One of the postcards sold by O.T. Reilly.
Ada Mumma was also a young child, living near Antietam Creek, when the armies descended. Her parents and grandparents initially planned to stay in their home during the battle, and Ada thought the novelty of hauling mattresses to the basement was quite exciting. However, when a general spotted her peeking up the steps, he insisted that some members of the household take her to safety. Ada wrote later:
We had the orchard to cross first. the bullets were whistling all around us. One went through my father’s hat and several went through the curtains on the carriage. . . Then I heard a terrible whistling and an explosion which sent the earth and stones in every direction, which I was told was a shell exploding.
After the battle, surgeons turned Ada’s home into a hospital. Her grandmother returned first and found the farmhouse so crammed with wounded that she had to crawl in a window. Ada returned to the terrifying scene the next day:
I could not sleep. I could hear those poor men calling for “water. . . for God’s sake, give me a drop of water.”
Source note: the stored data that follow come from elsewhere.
lemma orthonormal_eigenbasis_insert:
  fixes A :: "real^'n^'n"
  assumes "orthonormal_eigenbasis A {w \<in> V. v \<bullet> w = 0} B"
    and V: "subspace V" and "v \<in> V" and "norm v = 1" and Av: "A *v v = \<mu> *\<^sub>R v"
  shows "orthonormal_eigenbasis A V (insert v B)"
proof -
  let ?W = "{w \<in> V. v \<bullet> w = 0}"
  have "finite B" and "B \<subseteq> ?W" and B_orth: "pairwise orthogonal B"
    and B_unit: "\<And>b. b \<in> B \<Longrightarrow> norm b = 1"
    and B_eigen: "\<And>b. b \<in> B \<Longrightarrow> A *v b = (b \<bullet> (A *v b)) *\<^sub>R b"
    and B_expand: "\<And>w. w \<in> ?W \<Longrightarrow> w = (\<Sum>b\<in>B. (b \<bullet> w) *\<^sub>R b)"
    using assms(1) unfolding orthonormal_eigenbasis_def by blast+
  have "v \<bullet> v = 1" using \<open>norm v = 1\<close> by (simp add: dot_square_norm)
  have v_orth: "b \<bullet> v = 0" if "b \<in> B" for b
    using \<open>B \<subseteq> ?W\<close> that by (auto simp: inner_commute)
  have "v \<notin> B" using v_orth[of v] \<open>v \<bullet> v = 1\<close> by auto
  show ?thesis
    unfolding orthonormal_eigenbasis_def
  proof (intro conjI ballI)
    show "finite (insert v B)" "insert v B \<subseteq> V"
      using \<open>finite B\<close> \<open>B \<subseteq> ?W\<close> \<open>v \<in> V\<close> by auto
    show "pairwise orthogonal (insert v B)"
      using B_orth v_orth by (auto simp: pairwise_insert orthogonal_def inner_commute)
  next
    fix b assume b: "b \<in> insert v B"
    show "norm b = 1" using b B_unit \<open>norm v = 1\<close> by blast
    show "A *v b = (b \<bullet> (A *v b)) *\<^sub>R b"
    proof (cases "b = v")
      case True
      then show ?thesis using \<open>v \<bullet> v = 1\<close> by (simp add: Av)
    next
      case False
      then show ?thesis using b B_eigen by blast
    qed
  next
    fix w assume "w \<in> V"
    then have "w - (v \<bullet> w) *\<^sub>R v \<in> ?W"
      using \<open>v \<in> V\<close> \<open>v \<bullet> v = 1\<close> V by (simp add: subspace_diff subspace_mul inner_diff_right)
    then have "w - (v \<bullet> w) *\<^sub>R v = (\<Sum>b\<in>B. (b \<bullet> (w - (v \<bullet> w) *\<^sub>R v)) *\<^sub>R b)"
      by (rule B_expand)
    also have "\<dots> = (\<Sum>b\<in>B. (b \<bullet> w) *\<^sub>R b)"
      by (intro sum.cong refl) (simp add: inner_diff_right v_orth)
    finally have "w = (\<Sum>b\<in>B. (b \<bullet> w) *\<^sub>R b) + (v \<bullet> w) *\<^sub>R v"
      by (rule diff_eq_eq[THEN iffD1])
    also have "\<dots> = (\<Sum>b\<in>insert v B. (b \<bullet> w) *\<^sub>R b)"
      using \<open>finite B\<close> \<open>v \<notin> B\<close> by (simp add: add.commute)
    finally show "w = (\<Sum>b\<in>insert v B. (b \<bullet> w) *\<^sub>R b)" .
  qed
qed

lemma symmetric_orthonormal_eigenbasis_subspace:
  fixes A :: "real^'n^'n"
  assumes sym: "transpose A = A"
  shows "subspace V \<Longrightarrow> \<forall>w\<in>V. A *v w \<in> V \<Longrightarrow> \<exists>B. orthonormal_eigenbasis A V B"
proof (induction "dim V" arbitrary: V rule: less_induct)
  case less
  show ?case
  proof (cases "V = {0}")
    case True
    then show ?thesis by (auto simp: orthonormal_eigenbasis_def intro!: exI[of _ "{}"])
  next
    case False
    then obtain v where "v \<in> V" "norm v = 1" and eigen: "A *v v = (v \<bullet> (A *v v)) *\<^sub>R v"
      using symmetric_unit_eigenvector[OF sym less.prems] by blast
    define \<mu> where "\<mu> = v \<bullet> (A *v v)"
    have Av: "A *v v = \<mu> *\<^sub>R v" unfolding \<mu>_def by (rule eigen)
    define W where "W = {w \<in> V. v \<bullet> w = 0}"
    have "subspace W" using less.prems(1) by (auto simp: W_def subspace_def inner_add_right)
    moreover have "\<forall>w\<in>W. A *v w \<in> W"
    proof
      fix w assume "w \<in> W"
      have "v \<bullet> (A *v w) = (A *v v) \<bullet> w" by (simp add: symmetric_matrix_inner[OF sym])
      also have "\<dots> = \<mu> * (v \<bullet> w)" by (simp add: Av)
      also have "\<dots> = 0" using \<open>w \<in> W\<close> by (simp add: W_def)
      finally show "A *v w \<in> W" using \<open>w \<in> W\<close> less.prems(2) by (simp add: W_def)
    qed
    moreover have "dim W < dim V"
    proof (rule dim_psubset)
      have "v \<notin> W" using \<open>norm v = 1\<close> by (simp add: W_def dot_square_norm)
      then have "W \<subset> V" using \<open>v \<in> V\<close> unfolding W_def by blast
      then show "span W \<subset> span V"
        using \<open>subspace W\<close> less.prems(1) by (simp add: span_eq_iff[THEN iffD2])
    qed
    ultimately obtain B where "orthonormal_eigenbasis A W B" using less.hyps by blast
    then have "orthonormal_eigenbasis A V (insert v B)"
      unfolding W_def using less.prems(1) \<open>v \<in> V\<close> \<open>norm v = 1\<close> Av
      by (rule orthonormal_eigenbasis_insert)
    then show ?thesis ..
  qed
qed

lemma symmetric_orthonormal_eigenbasis:
  fixes A :: "real^'n^'n"
  assumes "transpose A = A"
  obtains B where "orthonormal_eigenbasis A UNIV B"
  using symmetric_orthonormal_eigenbasis_subspace[OF assms, of UNIV] by auto

section \<open>Positive semidefinite square roots\<close>

lemma sum_orthonormal_inner:
  assumes "finite B" "b \<in> B" "pairwise orthogonal B" "norm b = 1"
  shows "(\<Sum>b'\<in>B. f b' * (b \<bullet> b')) = f b"
proof -
  have "(\<Sum>b'\<in>B. f b' * (b \<bullet> b')) = f b * (b \<bullet> b) + (\<Sum>b'\<in>B - {b}. f b' * (b \<bullet> b'))"
    using assms(1,2) by (simp add: sum.remove)
  also have "(\<Sum>b'\<in>B - {b}. f b' * (b \<bullet> b')) = 0"
    using assms(2,3) by (intro sum.neutral) (auto simp: pairwise_def orthogonal_def)
  finally show ?thesis using assms(4) by (simp add: dot_square_norm)
qed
Many civilians lived with injured and dying soldiers in their homes, barns, and yards—sometimes for months. The children helped provide food, water, and comfort to the patients. This photo shows an Indiana surgeon among makeshift shelters at a field hospital. (Photo by Alexander Gardner/Library of Congress)
Ada’s mother Jane was pregnant when she was forced to flee her home. On October 10 she delivered a baby girl, who died. Jane died herself a month later. Ada wrote later, “My mother, due to the great amount of excitement, was taken ill and died.”
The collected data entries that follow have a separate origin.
(* (1) Let $C$ be a binary Euclidean LCD $[n,k]$ code with generator matrix $G$, let $\mathbf{y}\in C^{\perp_E}$, and let $C'$ be the binary code with generator matrix $G'=\begin{pmatrix}\mathbf{y}\\ G\end{pmatrix}$. If $wt(\mathbf{y})$ is odd, then $C'$ is a binary Euclidean LCD $[n,k+1]$ code. (2) Let $C$ be a ternary Euclidean LCD $[n,k]$ code with generator matrix $G$, let $\mathbf{y}\in C^{\perp_E}$, and let $C'$ be the ternary code with generator matrix $G'=\begin{pmatrix}\mathbf{y}\\ G\end{pmatrix}$. If $wt(\mathbf{y})\not\equiv 0\pmod 3$, then $C'$ is a ternary Euclidean LCD $[n,k+1]$ code. (3) Let $C$ be a quaternary Hermitian LCD $[n,k]$ code with generator matrix $G$, let $\mathbf{y}\in C^{\perp_H}$, and let $C'$ be the quaternary code with generator matrix $G'=\begin{pmatrix}\mathbf{y}\\ G\end{pmatrix}$. If $wt(\mathbf{y})$ is odd, then $C'$ is a quaternary Hermitian LCD $[n,k+1]$ code.
   Context: Binary, ternary, quaternary codes are linear codes over $\mathbb{F}_2,\mathbb{F}_3,\mathbb{F}_4$. An $[n,k]$ code is a $k$-dimensional subspace of $\mathbb{F}_q^n$; a generator matrix has rows forming a basis. $wt$ is the Hamming weight. Euclidean inner product $\langle x,y\rangle_E=\sum x_iy_i$ with dual $C^{\perp_E}$; on $\mathbb{F}_4^n$ the Hermitian inner product is $\langle x,y\rangle_H=\sum x_iy_i^2$ with dual $C^{\perp_H}$. A code is (Euclidean/Hermitian) LCD if $C\cap C^{\perp}=\{0\}$. *)

theory Defs
  imports Main
begin
(* Fix $p\in(0,1]$. Let $G=(G_i)_{i\in\mathbb{Z}}$ be a sequence of random variables taking values in $\mathbb{Z}$. The following are equivalent: (P1) $(G_i)_{i\in\mathbb{Z}}$ is a family of independent $\mathrm{Geom}_+(p)$ random variables; (P2) $(G_i)_{i\ge0}$ is a family of independent $\mathrm{Geom}_+(p)$ random variables, and $\Phi_n(G)\overset{d}{=}G$ for every integer $n\ge0$.
   Context: $\mathrm{Geom}_+(p)$: $\mathbb{P}(G=k)=(1-p)^{k-1}p$ for $k\ge1$. For an integer sequence $g=(g_i)_{i\in\mathbb{Z}}$ and $n\ge0$, let $s_n=\min\{i\ge0:g_0+\dots+g_i>n\}$ (assumed finite, which holds when $g_i\ge1$ for $i\ge0$). Define $\Phi_n(g)=(\phi_i)_{i\in\mathbb{Z}}$ by: $\phi_i=g_{s_n+i}$ for $i\ge1$; $\phi_0=\sum_{j=0}^{s_n}g_j-n$; and, if $s_n\ge1$: $\phi_{-1}=n+1-\sum_{j=0}^{s_n-1}g_j$, $\phi_i=g_{s_n+i+1}$ for $-s_n\le i\le-2$, $\phi_{-s_n-1}=g_0+g_{-1}-1$, $\phi_i=g_{s_n+i}$ for $i\le-s_n-2$; if $s_n=0$: $\phi_{-1}=n+g_{-1}$ and $\phi_i=g_i$ for $i\le-2$. *)

theory Defs
  imports "HOL-Probability.Probability"
begin

definition s_idx :: "nat \<Rightarrow> (int \<Rightarrow> int) \<Rightarrow> int" where
  "s_idx n g = int (LEAST s::nat. (\<Sum>j\<in>{0..int s}. g j) > int n)"

definition Phi :: "nat \<Rightarrow> (int \<Rightarrow> int) \<Rightarrow> (int \<Rightarrow> int)" where
  "Phi n g = (\<lambda>i. let s = s_idx n g in
     if i \<ge> 1 then g (s + i)
     else if i = 0 then (\<Sum>j\<in>{0..s}. g j) - int n
     else if s \<ge> 1 then
       (if i = -1 then int n + 1 - (\<Sum>j\<in>{0..s-1}. g j)
        else if -s \<le> i \<and> i \<le> -2 then g (s + i + 1)
        else if i = -s - 1 then g 0 + g (-1) - 1
        else g (s + i))
     else (if i = -1 then int n + g (-1) else g i))"

definition geom_pos_rv :: "'a measure \<Rightarrow> real \<Rightarrow> ('a \<Rightarrow> int) \<Rightarrow> bool" where
  "geom_pos_rv M p X \<longleftrightarrow>
     (\<forall>k::int. measure M {\<omega> \<in> space M. X \<omega> = k} =
        (if k \<ge> 1 then (1 - p) ^ nat (k - 1) * p else 0))"

definition seq_law :: "'a measure \<Rightarrow> ('a \<Rightarrow> (int \<Rightarrow> int)) \<Rightarrow> (int \<Rightarrow> int) measure" where
  "seq_law M X = distr M (Pi\<^sub>M UNIV (\<lambda>_. count_space UNIV)) X"

end

theory Submission
  imports Defs
begin

(*
  Fix the crossing index s = s_n(g). For this s, Phi_n permutes all coordinates but three, on
  which it preserves the sum, and it has an explicit inverse: s is read back off Phi_n(g) as the
  step at which the backward partial sums starting from index -1 first exceed n. Restricted to a
  finite window around a cylinder, this is a bijection between the configurations with crossing
  index s that Phi_n maps into the cylinder and those in the cylinder with backward crossing
  index s. The i.i.d. Geom_+(p) weight of a positive configuration depends only on its length
  and its sum, so the bijection preserves weights and Phi_n preserves all cylinder probabilities.

  Conversely, if s_n > K then Phi_n(G) on [-K, K] is a function of G_0, ..., G_(n+K) alone, whose
  law is prescribed, while P(s_n <= K) <= P(G_0 + ... + G_K > n) tends to 0. Comparing with an
  i.i.d. sequence, whose law Phi_n preserves by the first part, identifies every cylinder
  probability of G.
*)

lemma sum_int_ivl_last: "(a::int) \<le> b \<Longrightarrow> (\<Sum>i\<in>{a..b}. f i) = (\<Sum>i\<in>{a..b-1}. f i) + f b"
proof -
  assume "a \<le> b"
  then have "{a..b} = insert b {a..b-1}" by auto
  then show ?thesis by (simp add: add.commute)
qed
Ada had not yet turned four that September. While her memories may have been augmented by stories, some of the personal details she included in her reminiscence feel too childlike to be second-hand. She spent her life collecting relics and accounts of the campaign.
The third story also depicts the battle’s aftermath.
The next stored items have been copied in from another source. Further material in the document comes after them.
lemma r_subalg_comp_right:
  assumes "u \<in> r_subalg scale A" and "\<And>a. a \<in> A \<Longrightarrow> a \<circ> v \<in> r_subalg scale A"
  shows "u \<circ> v \<in> r_subalg scale A"
  using assms(1)
proof induction
  case (add u u')
  then show ?case using r_subalg.add[OF add.IH] by (simp add: comp_def)
next
  case (smult u f)
  then show ?case using r_subalg.smult[OF smult.IH, of f] by (simp add: comp_def)
next
  case (comp u u')
  show ?case using r_subalg.comp[OF comp.hyps(1) comp.IH(2)] by (simp only: comp_assoc)
qed (use assms(2) in \<open>auto simp: comp_def intro: r_subalg.zero\<close>)

lemma r_span_comp_left:
  assumes "module_hom scale scale w" and "v \<in> r_span scale A"
    and "\<And>a. a \<in> A \<Longrightarrow> w \<circ> a \<in> r_span scale A"
  shows "w \<circ> v \<in> r_span scale A"
proof -
  interpret w: module_hom scale scale w by (rule assms(1))
  from assms(2) show ?thesis
  proof induction
    case (add u u')
    then show ?case using r_span.add[OF add.IH] by (simp add: comp_def w.add)
  next
    case (smult u f)
    then show ?case using r_span.smult[OF smult.IH, of f] by (simp add: comp_def w.scale)
  qed (use assms(3) in \<open>auto simp: comp_def intro: r_span.zero\<close>)
qed

lemma r_span_comp_closed:
  assumes "\<And>a b. a \<in> A \<Longrightarrow> b \<in> A \<Longrightarrow> a \<circ> b \<in> A"
    and "\<And>a. a \<in> A \<Longrightarrow> module_hom scale scale a"
    and "u \<in> r_span scale A" and "v \<in> r_span scale A"
  shows "u \<circ> v \<in> r_span scale A"
  using assms(3)
proof (rule r_span_comp_right)
  fix a assume "a \<in> A"
  show "a \<circ> v \<in> r_span scale A"
    using assms(2)[OF \<open>a \<in> A\<close>] assms(4)
    by (rule r_span_comp_left) (use assms(1) \<open>a \<in> A\<close> in \<open>blast intro: r_span.gen\<close>)
qed

lemma r_subalg_subset_r_span:
  assumes "A \<subseteq> r_span scale B"
    and "\<And>a b. a \<in> B \<Longrightarrow> b \<in> B \<Longrightarrow> a \<circ> b \<in> B"
    and "\<And>b. b \<in> B \<Longrightarrow> module_hom scale scale b"
  shows "r_subalg scale A \<subseteq> r_span scale B"
proof
  fix u assume "u \<in> r_subalg scale A"
  then show "u \<in> r_span scale B"
  proof induction
    case (comp u v)
    show ?case by (rule r_span_comp_closed[OF assms(2,3) comp.IH])
  qed (use assms(1) in \<open>auto intro: r_span.intros\<close>)
qed

end

locale module_connection = module sm
  for sm :: "'r::comm_ring_1 \<Rightarrow> 'l::ab_group_add \<Rightarrow> 'l" +
  fixes rho :: "'l \<Rightarrow> 'r \<Rightarrow> 'r" and conn :: "'l \<Rightarrow> 'l \<Rightarrow> 'l"
  assumes connection: "connection sm rho conn"
begin

lemma conn_add_left: "conn (X + X') Y = conn X Y + conn X' Y"
  and conn_scale_left: "conn (sm f X) Y = sm f (conn X Y)"
  and conn_add_right: "conn X (Y + Y') = conn X Y + conn X Y'"
  and conn_scale_right: "conn X (sm f Y) = sm (rho X f) Y + sm f (conn X Y)"
  using connection unfolding connection_def by blast+

lemma conn_diff_left: "conn (X - X') Y = conn X Y - conn X' Y"
proof -
  interpret additive "\<lambda>X. conn X Y" by standard (rule conn_add_left)
  show ?thesis by (rule diff)
qed

lemma conn_diff_right: "conn X (Y - Y') = conn X Y - conn X Y'"
proof -
  interpret additive "conn X" by standard (rule conn_add_right)
  show ?thesis by (rule diff)
qed

lemma conn_zero_right: "conn X 0 = 0"
  using conn_diff_right[of X 0 0] by simp

lemma conn_minus_right: "conn X (- Y) = - conn X Y"
  using conn_diff_right[of X 0 Y] by (simp add: conn_zero_right)

lemma delta_module_hom: "module_hom sm sm (delta conn X)"
  by (simp add: module_hom_iff module_axioms delta_def conn_add_left conn_scale_left)

lemma conn_hom_zero: "conn_hom conn Y (\<lambda>Z. 0) = (\<lambda>Z. 0)"
  by (simp add: conn_hom_def conn_zero_right)

lemma conn_hom_add:
  "conn_hom conn Y (\<lambda>Z. u Z + v Z) = (\<lambda>Z. conn_hom conn Y u Z + conn_hom conn Y v Z)"
  by (simp add: conn_hom_def conn_add_right algebra_simps)

lemma conn_hom_scale:
  "conn_hom conn Y (\<lambda>Z. sm f (u Z))
    = (\<lambda>Z. sm (rho Y f) (u Z) + sm f (conn_hom conn Y u Z))"
  by (simp add: conn_hom_def conn_scale_right scale_right_diff_distrib add_diff_eq)

lemma conn_hom_comp:
  assumes "module_hom sm sm u"
  shows "conn_hom conn Y (u \<circ> v) = (\<lambda>Z. (conn_hom conn Y u \<circ> v) Z + (u \<circ> conn_hom conn Y v) Z)"
  by (simp add: conn_hom_def module_hom.diff[OF assms])

lemma conn_hom_module_hom:
  assumes "module_hom sm sm u"
  shows "module_hom sm sm (conn_hom conn Y u)"
proof -
  interpret u: module_hom sm sm u by (rule assms)
  show ?thesis
    by (simp add: module_hom_iff module_axioms conn_hom_def u.add u.scale
        conn_add_right conn_add_left conn_scale_right scale_right_diff_distrib)
qed

lemma conn_hom_r_span:
  assumes "u \<in> r_span sm A" and "\<And>a. a \<in> A \<Longrightarrow> conn_hom conn Y a \<in> r_span sm A"
  shows "conn_hom conn Y u \<in> r_span sm A"
  using assms(1)
proof induction
  case (add u v)
  show ?case unfolding conn_hom_add by (rule r_span.add[OF add.IH])
next
  case (smult u f)
  show ?case
    unfolding conn_hom_scale
    by (rule r_span.add[OF r_span.smult[OF smult.hyps] r_span.smult[OF smult.IH]])
qed (use assms(2) in \<open>auto simp: conn_hom_zero intro: r_span.zero\<close>)

lemma conn_hom_r_subalg:
  assumes "u \<in> r_subalg sm A" and "\<And>a. a \<in> A \<Longrightarrow> conn_hom conn Y a \<in> r_subalg sm A"
    and "\<And>a. a \<in> A \<Longrightarrow> module_hom sm sm a"
  shows "conn_hom conn Y u \<in> r_subalg sm A"
  using assms(1)
proof induction
  case (add u v)
  show ?case unfolding conn_hom_add by (rule r_subalg.add[OF add.IH])
next
  case (smult u f)
  show ?case
    unfolding conn_hom_scale
    by (rule r_subalg.add[OF r_subalg.smult[OF smult.hyps] r_subalg.smult[OF smult.IH]])
next
  case (comp u v)
  have "module_hom sm sm u" by (rule r_subalg_module_hom[OF assms(3) comp.hyps(1)])
  then show ?case
    by (simp only: conn_hom_comp) (intro r_subalg.add r_subalg.comp comp)
qed (use assms(2) in \<open>auto simp: conn_hom_zero intro: r_subalg.zero\<close>)

lemma ell_gens_module_hom: "u \<in> ell_gens conn \<Longrightarrow> module_hom sm sm u"
  by (induction rule: ell_gens.induct) (simp_all add: delta_module_hom conn_hom_module_hom)

lemma conn_hom_Ell: "u \<in> Ell sm conn \<Longrightarrow> conn_hom conn Y u \<in> Ell sm conn"
  unfolding Ell_def
  by (rule conn_hom_r_subalg) (auto intro: r_subalg.gen ell_gens.step ell_gens_module_hom)

end

locale post_lie_rinehart_algebra =
  fixes emb :: "'k::field \<Rightarrow> 'r::comm_ring_1"
    and sm :: "'r \<Rightarrow> 'l::ab_group_add \<Rightarrow> 'l"
    and br :: "'l \<Rightarrow> 'l \<Rightarrow> 'l"
    and rho :: "'l \<Rightarrow> 'r \<Rightarrow> 'r"
    and conn :: "'l \<Rightarrow> 'l \<Rightarrow> 'l"
  assumes post_lie_rinehart: "post_lie_rinehart emb sm br rho conn"

sublocale post_lie_rinehart_algebra \<subseteq> module_connection sm rho conn
  using post_lie_rinehart
  unfolding module_connection_def module_connection_axioms_def post_lie_rinehart_def
    lie_rinehart_def
  by (auto intro: r_module_imp_module)

context post_lie_rinehart_algebra
begin

lemma br_add_left: "br (X + X') Y = br X Y + br X' Y"
  and br_add_right: "br X (Y + Y') = br X Y + br X Y'"
  and br_self: "br X X = 0"
  and br_scale_right: "br X (sm f Y) = sm (rho X f) Y + sm f (br X Y)"
  using post_lie_rinehart unfolding post_lie_rinehart_def lie_rinehart_def by simp_all

lemma br_anticomm: "br X Y = - br Y X"
proof -
  have "br X Y + br Y X = br (X + Y) (X + Y)"
    unfolding br_add_left br_add_right by (simp add: br_self)
  also have "\<dots> = 0" by (rule br_self)
  finally show ?thesis by (simp only: eq_neg_iff_add_eq_0)
qed

lemma conn_conn_flat: "conn X (conn Y Z) = conn Y (conn X Z) + conn (br X Y) Z"
proof -
  have "curvature br conn X Y Z = 0"
    using post_lie_rinehart unfolding post_lie_rinehart_def by blast
  then show ?thesis unfolding curvature_def by (simp add: algebra_simps)
qed

lemma conn_pbr:
  "conn X (pbr br conn Y Z) = pbr br conn (conn X Y) Z + pbr br conn Y (conn X Z)"
proof -
  have "conn X (torsion br conn Y Z)
      = torsion br conn (conn X Y) Z + torsion br conn Y (conn X Z)"
    using post_lie_rinehart unfolding post_lie_rinehart_def by blast
  then show ?thesis unfolding pbr_def by (simp add: conn_minus_right)
qed

lemma delta_tilde_apply: "delta_tilde br conn X Z = conn X Z + br Z X"
  unfolding delta_tilde_def pbr_def torsion_def by (simp add: algebra_simps)

lemma delta_tilde_module_hom: "module_hom sm sm (delta_tilde br conn X)"
proof -
  have "delta_tilde br conn X (sm f Z) = sm f (delta_tilde br conn X Z)" for f Z
    using br_anticomm[of "sm f Z" X] br_anticomm[of Z X]
    by (simp add: delta_tilde_apply conn_scale_right br_scale_right scale_right_diff_distrib)
  moreover have "delta_tilde br conn X (Z + Z')
      = delta_tilde br conn X Z + delta_tilde br conn X Z'" for Z Z'
    by (simp add: delta_tilde_apply conn_add_right br_add_left algebra_simps)
  ultimately show ?thesis by (simp add: module_hom_iff module_axioms)
qed

lemma delta_words_module_hom: "w \<in> delta_words br conn \<Longrightarrow> module_hom sm sm w"
proof (induction rule: delta_words.induct)
  case (step_delta w Y)
  show ?case by (rule module_hom_compose[OF delta_module_hom step_delta.IH])
next
  case (step_tilde w Y)
  show ?case by (rule module_hom_compose[OF delta_tilde_module_hom step_tilde.IH])
qed (rule delta_module_hom)

lemma delta_words_comp_closed:
  assumes "w \<in> delta_words br conn" and "v \<in> delta_words br conn"
  shows "w \<circ> v \<in> delta_words br conn"
  using assms(2)
proof induction
  case (base X)
  show ?case using assms(1) by (rule delta_words.step_delta)
next
  case (step_delta v Y)
  show ?case
    unfolding comp_assoc[symmetric] by (rule delta_words.step_delta[OF step_delta.IH])
next
  case (step_tilde v Y)
  show ?case
    unfolding comp_assoc[symmetric] by (rule delta_words.step_tilde[OF step_tilde.IH])
qed

lemma conn_hom_delta:
  "conn_hom conn Y (delta conn X)
    = (\<lambda>Z. delta conn (conn Y X) Z - (delta conn X \<circ> delta_tilde br conn Y) Z)"
proof
  fix Z
  have "conn (delta_tilde br conn Y Z) X = conn (conn Y Z) X - conn (br Y Z) X"
    using br_anticomm[of Z Y] by (simp add: delta_tilde_apply conn_diff_left)
  then show "conn_hom conn Y (delta conn X) Z
      = delta conn (conn Y X) Z - (delta conn X \<circ> delta_tilde br conn Y) Z"
    by (simp add: conn_hom_def delta_def conn_conn_flat[of Y Z X])
qed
A little girl named Margaret lived on the edge of Sharpsburg. She spent the day of the battle in her cellar with several siblings and their mother, who was pregnant. They spent much of that interminable day tearing their clothes and bedding into strips, and packing lard and goose grease into shards of crockery. Jugs and gourds were filled with water.
When the fighting subsided, the little group ventured onto the battlefield, lugging baskets and quilts. The world the children knew was replaced by a smoldering landscape. Smoke stained the sunset eerie shades of red, and flames from burning buildings writhed against the sky.

(Antietam National Battlefield photo.)
Much later Margaret wrote:
There was a red haze from the sunset…the brick of the church was red, and as far as I could see were suffering, crying, or dead men. . . red, red, red. It was a red stew. I can remember my mother laboring with three big baskets and I holding her pettiskirts. . . pulling a large bundle along the ground. . . and all of us, my brothers and sisters, too afraid to cry.

The children in this portrait are unidentified, but the photograph was taken in Hagerstown, MD—not far from Sharpsburg. I imagine this little girl was about the age of Margaret, whose description provided the title for my book.
No, I don’t find it difficult to believe that four, five, and six-year olds might well remember details of those horrific days for the rest of their lives.
I wrote Too Afraid To Cry in large part to honor them—and all of the civilians who endured so much.